» Extracted information:
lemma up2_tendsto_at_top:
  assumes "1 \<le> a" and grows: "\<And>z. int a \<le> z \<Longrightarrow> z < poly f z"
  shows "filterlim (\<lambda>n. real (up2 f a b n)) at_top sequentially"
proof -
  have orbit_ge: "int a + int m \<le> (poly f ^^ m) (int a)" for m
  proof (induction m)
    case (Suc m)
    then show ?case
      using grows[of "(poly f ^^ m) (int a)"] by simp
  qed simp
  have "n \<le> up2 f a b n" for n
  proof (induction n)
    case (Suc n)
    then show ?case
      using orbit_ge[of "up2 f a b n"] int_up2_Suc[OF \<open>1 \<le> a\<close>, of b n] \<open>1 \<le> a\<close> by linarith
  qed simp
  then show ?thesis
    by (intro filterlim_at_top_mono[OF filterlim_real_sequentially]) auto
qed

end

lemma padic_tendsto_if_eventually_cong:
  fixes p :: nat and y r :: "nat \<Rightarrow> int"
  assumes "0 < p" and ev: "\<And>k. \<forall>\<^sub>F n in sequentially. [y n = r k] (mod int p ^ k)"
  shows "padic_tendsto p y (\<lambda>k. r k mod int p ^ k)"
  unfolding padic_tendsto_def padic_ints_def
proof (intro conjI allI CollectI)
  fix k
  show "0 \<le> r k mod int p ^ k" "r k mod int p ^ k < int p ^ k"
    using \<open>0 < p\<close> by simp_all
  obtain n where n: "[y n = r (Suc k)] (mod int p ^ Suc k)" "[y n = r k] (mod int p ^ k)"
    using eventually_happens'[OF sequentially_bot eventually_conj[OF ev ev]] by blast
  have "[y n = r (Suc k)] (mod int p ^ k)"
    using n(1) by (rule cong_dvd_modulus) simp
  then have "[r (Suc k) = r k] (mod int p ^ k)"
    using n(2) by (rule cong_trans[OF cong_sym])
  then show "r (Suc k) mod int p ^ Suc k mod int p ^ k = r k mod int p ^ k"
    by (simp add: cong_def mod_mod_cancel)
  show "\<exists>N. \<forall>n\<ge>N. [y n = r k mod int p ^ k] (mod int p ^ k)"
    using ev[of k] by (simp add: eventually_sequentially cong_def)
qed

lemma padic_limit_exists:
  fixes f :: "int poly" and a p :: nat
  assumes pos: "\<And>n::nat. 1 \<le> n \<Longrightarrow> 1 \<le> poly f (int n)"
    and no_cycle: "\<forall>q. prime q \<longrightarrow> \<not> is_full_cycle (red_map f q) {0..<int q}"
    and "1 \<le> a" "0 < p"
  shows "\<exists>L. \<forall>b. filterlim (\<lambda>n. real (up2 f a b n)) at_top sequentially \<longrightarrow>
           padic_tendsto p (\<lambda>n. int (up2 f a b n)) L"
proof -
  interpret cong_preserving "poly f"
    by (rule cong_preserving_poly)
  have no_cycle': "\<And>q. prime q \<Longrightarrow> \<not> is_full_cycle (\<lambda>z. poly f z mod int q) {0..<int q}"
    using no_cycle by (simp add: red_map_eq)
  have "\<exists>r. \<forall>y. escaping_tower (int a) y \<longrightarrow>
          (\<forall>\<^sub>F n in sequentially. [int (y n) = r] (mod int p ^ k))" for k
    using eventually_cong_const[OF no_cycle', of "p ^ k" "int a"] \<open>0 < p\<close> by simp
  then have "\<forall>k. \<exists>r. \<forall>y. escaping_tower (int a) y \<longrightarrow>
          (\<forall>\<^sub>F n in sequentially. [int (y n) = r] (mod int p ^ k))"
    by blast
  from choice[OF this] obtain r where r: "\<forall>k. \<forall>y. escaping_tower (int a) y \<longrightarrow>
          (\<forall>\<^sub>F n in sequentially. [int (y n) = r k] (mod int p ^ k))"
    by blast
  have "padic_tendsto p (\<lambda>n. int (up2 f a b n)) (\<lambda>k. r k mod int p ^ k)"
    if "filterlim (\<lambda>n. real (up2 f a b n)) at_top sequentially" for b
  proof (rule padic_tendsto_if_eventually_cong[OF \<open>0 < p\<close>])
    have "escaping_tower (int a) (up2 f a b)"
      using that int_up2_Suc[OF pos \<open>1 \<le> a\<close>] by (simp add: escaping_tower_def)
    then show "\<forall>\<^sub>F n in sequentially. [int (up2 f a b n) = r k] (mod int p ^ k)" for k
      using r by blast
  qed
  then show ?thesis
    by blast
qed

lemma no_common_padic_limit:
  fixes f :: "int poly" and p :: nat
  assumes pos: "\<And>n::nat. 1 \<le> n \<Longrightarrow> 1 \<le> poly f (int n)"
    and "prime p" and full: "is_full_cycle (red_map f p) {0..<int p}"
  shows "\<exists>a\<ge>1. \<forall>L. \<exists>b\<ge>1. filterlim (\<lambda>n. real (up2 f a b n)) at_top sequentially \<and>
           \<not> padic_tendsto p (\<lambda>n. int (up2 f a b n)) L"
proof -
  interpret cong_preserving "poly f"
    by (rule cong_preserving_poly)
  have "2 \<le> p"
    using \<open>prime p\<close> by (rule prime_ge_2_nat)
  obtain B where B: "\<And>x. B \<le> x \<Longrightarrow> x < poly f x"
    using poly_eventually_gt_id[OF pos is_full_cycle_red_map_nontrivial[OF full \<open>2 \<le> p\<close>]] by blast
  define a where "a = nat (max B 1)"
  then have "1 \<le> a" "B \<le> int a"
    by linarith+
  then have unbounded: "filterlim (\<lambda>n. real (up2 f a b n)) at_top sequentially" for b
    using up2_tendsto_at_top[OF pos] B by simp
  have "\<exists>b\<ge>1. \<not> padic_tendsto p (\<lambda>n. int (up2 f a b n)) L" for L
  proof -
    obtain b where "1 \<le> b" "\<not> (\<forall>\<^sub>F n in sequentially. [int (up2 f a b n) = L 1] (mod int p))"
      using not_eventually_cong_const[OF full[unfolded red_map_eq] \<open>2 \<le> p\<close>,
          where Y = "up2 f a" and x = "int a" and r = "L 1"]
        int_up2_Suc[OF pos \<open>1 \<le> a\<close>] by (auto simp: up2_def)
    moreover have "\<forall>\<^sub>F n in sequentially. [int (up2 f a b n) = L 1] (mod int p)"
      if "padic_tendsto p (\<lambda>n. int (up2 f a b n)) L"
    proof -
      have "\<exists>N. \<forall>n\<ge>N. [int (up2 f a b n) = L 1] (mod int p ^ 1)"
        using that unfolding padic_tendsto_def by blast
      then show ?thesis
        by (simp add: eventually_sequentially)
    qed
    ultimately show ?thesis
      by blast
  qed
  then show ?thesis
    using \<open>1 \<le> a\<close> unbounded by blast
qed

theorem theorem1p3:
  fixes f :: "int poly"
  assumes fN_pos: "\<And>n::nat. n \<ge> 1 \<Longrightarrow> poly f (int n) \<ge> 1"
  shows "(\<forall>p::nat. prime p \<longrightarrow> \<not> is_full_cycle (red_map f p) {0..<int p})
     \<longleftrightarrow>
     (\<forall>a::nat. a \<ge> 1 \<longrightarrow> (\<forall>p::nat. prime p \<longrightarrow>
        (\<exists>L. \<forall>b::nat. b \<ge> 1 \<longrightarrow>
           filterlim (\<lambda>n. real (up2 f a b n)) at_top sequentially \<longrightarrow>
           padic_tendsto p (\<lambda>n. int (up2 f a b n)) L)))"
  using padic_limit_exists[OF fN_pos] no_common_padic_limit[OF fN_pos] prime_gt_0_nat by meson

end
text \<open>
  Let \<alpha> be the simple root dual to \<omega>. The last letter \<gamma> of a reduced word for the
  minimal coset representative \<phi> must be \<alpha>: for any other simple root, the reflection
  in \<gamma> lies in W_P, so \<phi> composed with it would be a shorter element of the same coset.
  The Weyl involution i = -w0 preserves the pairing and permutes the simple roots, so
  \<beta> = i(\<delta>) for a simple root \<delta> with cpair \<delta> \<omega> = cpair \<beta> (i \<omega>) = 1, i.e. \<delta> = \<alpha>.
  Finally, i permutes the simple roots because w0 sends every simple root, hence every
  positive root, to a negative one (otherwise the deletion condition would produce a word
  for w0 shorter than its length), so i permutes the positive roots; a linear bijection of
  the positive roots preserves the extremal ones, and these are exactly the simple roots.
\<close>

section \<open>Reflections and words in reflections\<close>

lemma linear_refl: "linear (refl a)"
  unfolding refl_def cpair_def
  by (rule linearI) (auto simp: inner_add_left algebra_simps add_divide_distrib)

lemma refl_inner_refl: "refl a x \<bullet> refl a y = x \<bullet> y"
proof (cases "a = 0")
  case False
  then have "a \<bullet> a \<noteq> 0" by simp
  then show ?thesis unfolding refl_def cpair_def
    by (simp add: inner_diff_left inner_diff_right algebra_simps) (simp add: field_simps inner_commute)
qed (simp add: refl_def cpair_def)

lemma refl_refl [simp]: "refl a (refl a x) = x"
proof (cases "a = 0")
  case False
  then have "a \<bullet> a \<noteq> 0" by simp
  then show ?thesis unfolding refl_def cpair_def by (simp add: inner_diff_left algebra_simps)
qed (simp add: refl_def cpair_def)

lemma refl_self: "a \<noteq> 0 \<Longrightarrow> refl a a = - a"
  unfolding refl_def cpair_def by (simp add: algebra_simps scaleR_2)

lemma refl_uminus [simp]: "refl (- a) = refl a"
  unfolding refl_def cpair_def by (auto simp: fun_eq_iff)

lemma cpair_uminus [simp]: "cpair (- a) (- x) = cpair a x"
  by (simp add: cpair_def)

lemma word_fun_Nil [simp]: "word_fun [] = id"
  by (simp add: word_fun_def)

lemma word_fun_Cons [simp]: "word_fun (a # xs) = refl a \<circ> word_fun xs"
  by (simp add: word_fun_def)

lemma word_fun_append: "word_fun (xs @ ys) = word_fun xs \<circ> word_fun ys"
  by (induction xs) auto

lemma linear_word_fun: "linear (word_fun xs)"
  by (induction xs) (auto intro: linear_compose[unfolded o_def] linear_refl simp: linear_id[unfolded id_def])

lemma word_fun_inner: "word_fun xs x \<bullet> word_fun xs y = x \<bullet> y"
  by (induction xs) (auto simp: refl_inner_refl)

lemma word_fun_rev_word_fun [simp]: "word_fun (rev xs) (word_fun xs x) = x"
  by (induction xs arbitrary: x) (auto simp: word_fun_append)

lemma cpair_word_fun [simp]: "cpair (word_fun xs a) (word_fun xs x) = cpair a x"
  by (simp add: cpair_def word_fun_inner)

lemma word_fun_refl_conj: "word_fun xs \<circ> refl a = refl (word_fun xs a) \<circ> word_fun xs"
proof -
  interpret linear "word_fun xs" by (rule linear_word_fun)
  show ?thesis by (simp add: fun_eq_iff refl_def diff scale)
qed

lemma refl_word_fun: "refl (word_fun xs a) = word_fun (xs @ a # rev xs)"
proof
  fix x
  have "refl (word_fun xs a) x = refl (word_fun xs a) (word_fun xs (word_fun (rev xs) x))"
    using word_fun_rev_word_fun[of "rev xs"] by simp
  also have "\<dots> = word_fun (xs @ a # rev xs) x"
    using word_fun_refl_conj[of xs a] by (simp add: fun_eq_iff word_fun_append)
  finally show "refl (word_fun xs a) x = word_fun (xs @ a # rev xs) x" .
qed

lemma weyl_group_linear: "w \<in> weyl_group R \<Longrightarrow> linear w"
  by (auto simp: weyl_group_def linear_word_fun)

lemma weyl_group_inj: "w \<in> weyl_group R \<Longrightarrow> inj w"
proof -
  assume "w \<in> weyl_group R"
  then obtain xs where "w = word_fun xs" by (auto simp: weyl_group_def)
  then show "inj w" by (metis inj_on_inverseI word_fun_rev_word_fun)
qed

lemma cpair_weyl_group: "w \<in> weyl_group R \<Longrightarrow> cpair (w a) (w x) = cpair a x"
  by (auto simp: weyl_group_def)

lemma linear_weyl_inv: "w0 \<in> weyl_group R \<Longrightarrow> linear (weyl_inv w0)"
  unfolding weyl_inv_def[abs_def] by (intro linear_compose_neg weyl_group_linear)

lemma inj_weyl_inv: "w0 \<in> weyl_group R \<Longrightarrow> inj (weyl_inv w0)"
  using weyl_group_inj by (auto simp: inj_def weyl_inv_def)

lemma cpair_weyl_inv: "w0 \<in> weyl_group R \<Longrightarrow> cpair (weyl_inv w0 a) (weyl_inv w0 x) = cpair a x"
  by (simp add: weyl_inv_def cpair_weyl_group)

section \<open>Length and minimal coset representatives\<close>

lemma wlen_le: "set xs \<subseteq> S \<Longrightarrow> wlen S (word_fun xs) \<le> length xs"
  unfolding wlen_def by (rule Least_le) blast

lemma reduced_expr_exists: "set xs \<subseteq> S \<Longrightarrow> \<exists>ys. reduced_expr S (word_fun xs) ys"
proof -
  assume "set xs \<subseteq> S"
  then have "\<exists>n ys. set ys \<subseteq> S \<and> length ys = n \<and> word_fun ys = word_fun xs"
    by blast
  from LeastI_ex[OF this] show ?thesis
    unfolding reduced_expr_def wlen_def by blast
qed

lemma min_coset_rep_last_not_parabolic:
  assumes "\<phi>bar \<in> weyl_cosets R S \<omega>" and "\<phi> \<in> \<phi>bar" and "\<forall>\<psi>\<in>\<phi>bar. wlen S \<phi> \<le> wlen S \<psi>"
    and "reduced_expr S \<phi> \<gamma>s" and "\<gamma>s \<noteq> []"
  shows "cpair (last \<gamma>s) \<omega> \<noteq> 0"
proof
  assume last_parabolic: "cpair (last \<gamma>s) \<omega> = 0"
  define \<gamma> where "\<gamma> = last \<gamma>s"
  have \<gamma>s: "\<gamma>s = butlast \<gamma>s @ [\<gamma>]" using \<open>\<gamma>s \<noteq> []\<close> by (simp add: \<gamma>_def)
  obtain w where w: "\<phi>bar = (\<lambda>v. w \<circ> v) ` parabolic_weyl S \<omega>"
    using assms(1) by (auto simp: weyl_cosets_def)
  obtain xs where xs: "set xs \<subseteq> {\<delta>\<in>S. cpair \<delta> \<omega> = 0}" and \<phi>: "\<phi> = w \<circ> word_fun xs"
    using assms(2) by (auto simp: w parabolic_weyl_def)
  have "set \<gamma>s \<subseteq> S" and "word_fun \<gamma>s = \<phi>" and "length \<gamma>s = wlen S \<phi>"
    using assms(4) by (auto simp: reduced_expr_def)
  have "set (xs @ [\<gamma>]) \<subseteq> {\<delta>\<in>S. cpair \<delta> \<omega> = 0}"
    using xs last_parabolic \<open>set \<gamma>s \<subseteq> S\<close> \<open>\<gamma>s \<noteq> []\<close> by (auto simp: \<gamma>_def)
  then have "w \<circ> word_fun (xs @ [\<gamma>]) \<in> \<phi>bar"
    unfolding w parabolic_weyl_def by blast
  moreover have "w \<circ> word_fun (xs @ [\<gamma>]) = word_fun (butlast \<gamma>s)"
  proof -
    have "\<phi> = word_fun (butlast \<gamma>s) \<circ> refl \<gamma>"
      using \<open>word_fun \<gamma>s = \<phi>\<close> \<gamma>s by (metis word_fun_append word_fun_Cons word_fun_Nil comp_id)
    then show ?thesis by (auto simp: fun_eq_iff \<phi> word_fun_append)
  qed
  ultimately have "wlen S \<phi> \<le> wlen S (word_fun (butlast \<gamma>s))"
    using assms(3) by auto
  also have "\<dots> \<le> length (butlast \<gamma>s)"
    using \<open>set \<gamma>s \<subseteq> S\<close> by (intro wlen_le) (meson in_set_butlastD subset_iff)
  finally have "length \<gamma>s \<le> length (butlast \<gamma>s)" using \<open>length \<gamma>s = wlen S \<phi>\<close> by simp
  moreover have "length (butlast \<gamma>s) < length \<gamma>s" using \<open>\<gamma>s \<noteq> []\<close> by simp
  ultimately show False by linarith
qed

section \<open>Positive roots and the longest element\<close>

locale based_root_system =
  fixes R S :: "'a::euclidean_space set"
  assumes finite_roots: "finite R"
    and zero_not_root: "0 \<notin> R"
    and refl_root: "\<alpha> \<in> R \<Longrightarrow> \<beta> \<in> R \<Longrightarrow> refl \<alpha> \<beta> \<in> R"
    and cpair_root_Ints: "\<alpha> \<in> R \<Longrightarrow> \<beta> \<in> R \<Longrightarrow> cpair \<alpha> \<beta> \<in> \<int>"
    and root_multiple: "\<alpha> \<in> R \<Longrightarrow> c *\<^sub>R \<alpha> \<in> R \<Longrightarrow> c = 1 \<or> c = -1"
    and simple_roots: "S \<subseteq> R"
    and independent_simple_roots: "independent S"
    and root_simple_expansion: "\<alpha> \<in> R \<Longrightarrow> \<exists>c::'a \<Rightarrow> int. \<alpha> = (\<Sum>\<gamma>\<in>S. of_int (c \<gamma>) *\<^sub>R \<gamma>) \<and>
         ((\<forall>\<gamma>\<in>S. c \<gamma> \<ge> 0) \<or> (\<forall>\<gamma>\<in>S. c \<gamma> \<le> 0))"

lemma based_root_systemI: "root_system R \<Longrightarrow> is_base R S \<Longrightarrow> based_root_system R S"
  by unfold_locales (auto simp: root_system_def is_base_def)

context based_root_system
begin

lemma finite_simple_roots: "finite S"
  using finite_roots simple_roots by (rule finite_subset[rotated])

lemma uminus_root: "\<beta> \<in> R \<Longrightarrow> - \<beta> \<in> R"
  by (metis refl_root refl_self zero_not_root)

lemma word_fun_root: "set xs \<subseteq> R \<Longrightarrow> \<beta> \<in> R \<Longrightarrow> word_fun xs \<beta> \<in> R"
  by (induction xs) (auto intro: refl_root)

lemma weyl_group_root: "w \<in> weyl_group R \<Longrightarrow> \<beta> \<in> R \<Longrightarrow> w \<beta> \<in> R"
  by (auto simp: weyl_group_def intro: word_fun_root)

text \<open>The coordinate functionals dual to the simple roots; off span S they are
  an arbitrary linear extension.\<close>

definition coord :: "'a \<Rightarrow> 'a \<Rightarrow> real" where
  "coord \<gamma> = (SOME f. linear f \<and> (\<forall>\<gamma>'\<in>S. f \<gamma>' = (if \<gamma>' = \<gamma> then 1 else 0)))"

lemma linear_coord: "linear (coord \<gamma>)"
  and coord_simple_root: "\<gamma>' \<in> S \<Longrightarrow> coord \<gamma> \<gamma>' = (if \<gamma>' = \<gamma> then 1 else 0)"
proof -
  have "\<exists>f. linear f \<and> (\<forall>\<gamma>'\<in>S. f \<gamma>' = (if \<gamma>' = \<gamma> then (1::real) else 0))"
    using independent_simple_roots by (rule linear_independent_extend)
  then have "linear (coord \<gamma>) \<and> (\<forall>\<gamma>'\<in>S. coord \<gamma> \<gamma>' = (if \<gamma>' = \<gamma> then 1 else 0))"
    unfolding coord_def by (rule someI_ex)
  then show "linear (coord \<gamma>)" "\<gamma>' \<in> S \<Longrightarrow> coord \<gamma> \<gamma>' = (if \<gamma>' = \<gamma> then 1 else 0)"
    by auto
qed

» Problem details: The lines above that hold the string "fixes" are to be located and copied.

» Answer box:
  fixes p :: nat and y r :: "nat \<Rightarrow> int"
  fixes f :: "int poly" and a p :: nat
  fixes f :: "int poly" and p :: nat
  fixes f :: "int poly"
  fixes R S :: "'a::euclidean_space set"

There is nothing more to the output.